(* For every $n\in\mathbb{N}^+$ there is a 2-layer MLP with ReGLU activation, $f(x) = W_2[(W_1x+b_1)\otimes\operatorname{ReLU}(Vx+b_2)]+b$, such that for all $x = [x_1;x_2]\in\mathbb{R}^{2n}$ with $x_1,x_2\in\mathbb{R}^n$, $f(x) = x_1\otimes x_2$.
   Context: $\otimes$ denotes elementwise multiplication, $\operatorname{ReLU}$ is applied elementwise, and $[x_1;x_2]$ denotes concatenation. *)

theory Defs
  imports Complex_Main
begin

text \<open>Vectors in R^d are represented as functions nat => real, only entries with
  index < d being relevant; a (r x c)-matrix is a function nat => nat => real,
  only entries with row index < r and column index < c being relevant.\<close>

definition relu :: "real \<Rightarrow> real" where
  "relu t = max 0 t"

definition mat_vec :: "nat \<Rightarrow> (nat \<Rightarrow> nat \<Rightarrow> real) \<Rightarrow> (nat \<Rightarrow> real) \<Rightarrow> nat \<Rightarrow> real" where
  "mat_vec c A x = (\<lambda>i. \<Sum>j<c. A i j * x j)"

definition reglu_mlp ::
  "nat \<Rightarrow> nat \<Rightarrow> (nat \<Rightarrow> nat \<Rightarrow> real) \<Rightarrow> (nat \<Rightarrow> real) \<Rightarrow> (nat \<Rightarrow> nat \<Rightarrow> real)
   \<Rightarrow> (nat \<Rightarrow> real) \<Rightarrow> (nat \<Rightarrow> nat \<Rightarrow> real) \<Rightarrow> (nat \<Rightarrow> real) \<Rightarrow> (nat \<Rightarrow> real) \<Rightarrow> nat \<Rightarrow> real"
  where
  "reglu_mlp d m W1 b1 V b2 W2 b x =
     (\<lambda>i. mat_vec m W2
            (\<lambda>k. (mat_vec d W1 x k + b1 k) * relu (mat_vec d V x k + b2 k)) i + b i)"

end

theory Submission
  imports Defs
begin

text \<open>Since \<open>a * b = a * relu b - a * relu (-b)\<close>, take a hidden layer of width \<open>2n\<close>
  in which unit \<open>k\<close> computes \<open>x k * relu (x (n + k))\<close> and unit \<open>n + k\<close> computes
  \<open>x k * relu (- x (n + k))\<close>; the output layer subtracts the second from the first.\<close>

lemma mult_eq_relu_diff: "a * b = a * relu b - a * relu (- b)"
  by (simp add: relu_def max_def)

lemma mat_vec_add_matrix:
  "mat_vec c (\<lambda>i j. A i j + B i j) x i = mat_vec c A x i + mat_vec c B x i"
  by (simp add: mat_vec_def distrib_right sum.distrib)

lemma mat_vec_selection:
  assumes "p i < c"
  shows "mat_vec c (\<lambda>i j. if j = p i then s i else 0) x i = s i * x (p i)"
proof -
  have "mat_vec c (\<lambda>i j. if j = p i then s i else 0) x i = (\<Sum>j<c. if j = p i then s i * x j else 0)"
    unfolding mat_vec_def by (intro sum.cong) auto
  then show ?thesis
    using assms by simp
qed

theorem mainTheorem7:
  fixes n :: nat
  assumes "n \<ge> 1"
  shows "\<exists>(m::nat) W1 b1 V b2 W2 b.
           \<forall>x :: nat \<Rightarrow> real. \<forall>i<n.
             reglu_mlp (2 * n) m W1 b1 V b2 W2 b x i = x i * x (n + i)"
proof -
  define W1 :: "nat \<Rightarrow> nat \<Rightarrow> real" where "W1 k j = (if j = k mod n then 1 else 0)" for k j
  define V :: "nat \<Rightarrow> nat \<Rightarrow> real"
    where "V k j = (if j = n + k mod n then if k < n then 1 else -1 else 0)" for k j
  define W2 :: "nat \<Rightarrow> nat \<Rightarrow> real"
    where "W2 i k = (if k = i then 1 else 0) + (if k = n + i then -1 else 0)" for i k
  have "reglu_mlp (2 * n) (2 * n) W1 (\<lambda>_. 0) V (\<lambda>_. 0) W2 (\<lambda>_. 0) x i = x i * x (n + i)"
    if "i < n" for x i
  proof -
    have mod_lt: "k mod n < n" for k
      using assms by simp
    define h where "h k = x (k mod n) * relu ((if k < n then 1 else -1) * x (n + k mod n))" for k
    have hidden: "(mat_vec (2 * n) W1 x k + 0) * relu (mat_vec (2 * n) V x k + 0) = h k" for k
      unfolding W1_def V_def h_def using mod_lt[of k]
      by (simp add: mat_vec_selection[where p = "\<lambda>k. k mod n"]
          mat_vec_selection[where p = "\<lambda>k. n + k mod n"])
    have "mat_vec (2 * n) W2 h i = h i - h (n + i)"
      unfolding W2_def mat_vec_add_matrix using \<open>i < n\<close>
      by (simp add: mat_vec_selection[where p = "\<lambda>i. i"] mat_vec_selection[where p = "\<lambda>i. n + i"])
    also have "\<dots> = x i * x (n + i)"
      using \<open>i < n\<close> by (simp add: h_def mult_eq_relu_diff[symmetric])
    finally show ?thesis
      unfolding reglu_mlp_def hidden by simp
  qed
  then show ?thesis
    by blast
qed

end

◆ REQUIRED ACTION ◆
Without changing a word, print all of the entries above.

◆ YOUR RESPONSE ◆
(* For every $n\in\mathbb{N}^+$ there is a 2-layer MLP with ReGLU activation, $f(x) = W_2[(W_1x+b_1)\otimes\operatorname{ReLU}(Vx+b_2)]+b$, such that for all $x = [x_1;x_2]\in\mathbb{R}^{2n}$ with $x_1,x_2\in\mathbb{R}^n$, $f(x) = x_1\otimes x_2$.
   Context: $\otimes$ denotes elementwise multiplication, $\operatorname{ReLU}$ is applied elementwise, and $[x_1;x_2]$ denotes concatenation. *)

theory Defs
  imports Complex_Main
begin

text \<open>Vectors in R^d are represented as functions nat => real, only entries with
  index < d being relevant; a (r x c)-matrix is a function nat => nat => real,
  only entries with row index < r and column index < c being relevant.\<close>

definition relu :: "real \<Rightarrow> real" where
  "relu t = max 0 t"

definition mat_vec :: "nat \<Rightarrow> (nat \<Rightarrow> nat \<Rightarrow> real) \<Rightarrow> (nat \<Rightarrow> real) \<Rightarrow> nat \<Rightarrow> real" where
  "mat_vec c A x = (\<lambda>i. \<Sum>j<c. A i j * x j)"

definition reglu_mlp ::
  "nat \<Rightarrow> nat \<Rightarrow> (nat \<Rightarrow> nat \<Rightarrow> real) \<Rightarrow> (nat \<Rightarrow> real) \<Rightarrow> (nat \<Rightarrow> nat \<Rightarrow> real)
   \<Rightarrow> (nat \<Rightarrow> real) \<Rightarrow> (nat \<Rightarrow> nat \<Rightarrow> real) \<Rightarrow> (nat \<Rightarrow> real) \<Rightarrow> (nat \<Rightarrow> real) \<Rightarrow> nat \<Rightarrow> real"
  where
  "reglu_mlp d m W1 b1 V b2 W2 b x =
     (\<lambda>i. mat_vec m W2
            (\<lambda>k. (mat_vec d W1 x k + b1 k) * relu (mat_vec d V x k + b2 k)) i + b i)"

end

theory Submission
  imports Defs
begin

text \<open>Since \<open>a * b = a * relu b - a * relu (-b)\<close>, take a hidden layer of width \<open>2n\<close>
  in which unit \<open>k\<close> computes \<open>x k * relu (x (n + k))\<close> and unit \<open>n + k\<close> computes
  \<open>x k * relu (- x (n + k))\<close>; the output layer subtracts the second from the first.\<close>

lemma mult_eq_relu_diff: "a * b = a * relu b - a * relu (- b)"
  by (simp add: relu_def max_def)

lemma mat_vec_add_matrix:
  "mat_vec c (\<lambda>i j. A i j + B i j) x i = mat_vec c A x i + mat_vec c B x i"
  by (simp add: mat_vec_def distrib_right sum.distrib)

lemma mat_vec_selection:
  assumes "p i < c"
  shows "mat_vec c (\<lambda>i j. if j = p i then s i else 0) x i = s i * x (p i)"
proof -
  have "mat_vec c (\<lambda>i j. if j = p i then s i else 0) x i = (\<Sum>j<c. if j = p i then s i * x j else 0)"
    unfolding mat_vec_def by (intro sum.cong) auto
  then show ?thesis
    using assms by simp
qed

theorem mainTheorem7:
  fixes n :: nat
  assumes "n \<ge> 1"
  shows "\<exists>(m::nat) W1 b1 V b2 W2 b.
           \<forall>x :: nat \<Rightarrow> real. \<forall>i<n.
             reglu_mlp (2 * n) m W1 b1 V b2 W2 b x i = x i * x (n + i)"
proof -
  define W1 :: "nat \<Rightarrow> nat \<Rightarrow> real" where "W1 k j = (if j = k mod n then 1 else 0)" for k j
  define V :: "nat \<Rightarrow> nat \<Rightarrow> real"
    where "V k j = (if j = n + k mod n then if k < n then 1 else -1 else 0)" for k j
  define W2 :: "nat \<Rightarrow> nat \<Rightarrow> real"
    where "W2 i k = (if k = i then 1 else 0) + (if k = n + i then -1 else 0)" for i k
  have "reglu_mlp (2 * n) (2 * n) W1 (\<lambda>_. 0) V (\<lambda>_. 0) W2 (\<lambda>_. 0) x i = x i * x (n + i)"
    if "i < n" for x i
  proof -
    have mod_lt: "k mod n < n" for k
      using assms by simp
    define h where "h k = x (k mod n) * relu ((if k < n then 1 else -1) * x (n + k mod n))" for k
    have hidden: "(mat_vec (2 * n) W1 x k + 0) * relu (mat_vec (2 * n) V x k + 0) = h k" for k
      unfolding W1_def V_def h_def using mod_lt[of k]
      by (simp add: mat_vec_selection[where p = "\<lambda>k. k mod n"]
          mat_vec_selection[where p = "\<lambda>k. n + k mod n"])
    have "mat_vec (2 * n) W2 h i = h i - h (n + i)"
      unfolding W2_def mat_vec_add_matrix using \<open>i < n\<close>
      by (simp add: mat_vec_selection[where p = "\<lambda>i. i"] mat_vec_selection[where p = "\<lambda>i. n + i"])
    also have "\<dots> = x i * x (n + i)"
      using \<open>i < n\<close> by (simp add: h_def mult_eq_relu_diff[symmetric])
    finally show ?thesis
      unfolding reglu_mlp_def hidden by simp
  qed
  then show ?thesis
    by blast
qed

end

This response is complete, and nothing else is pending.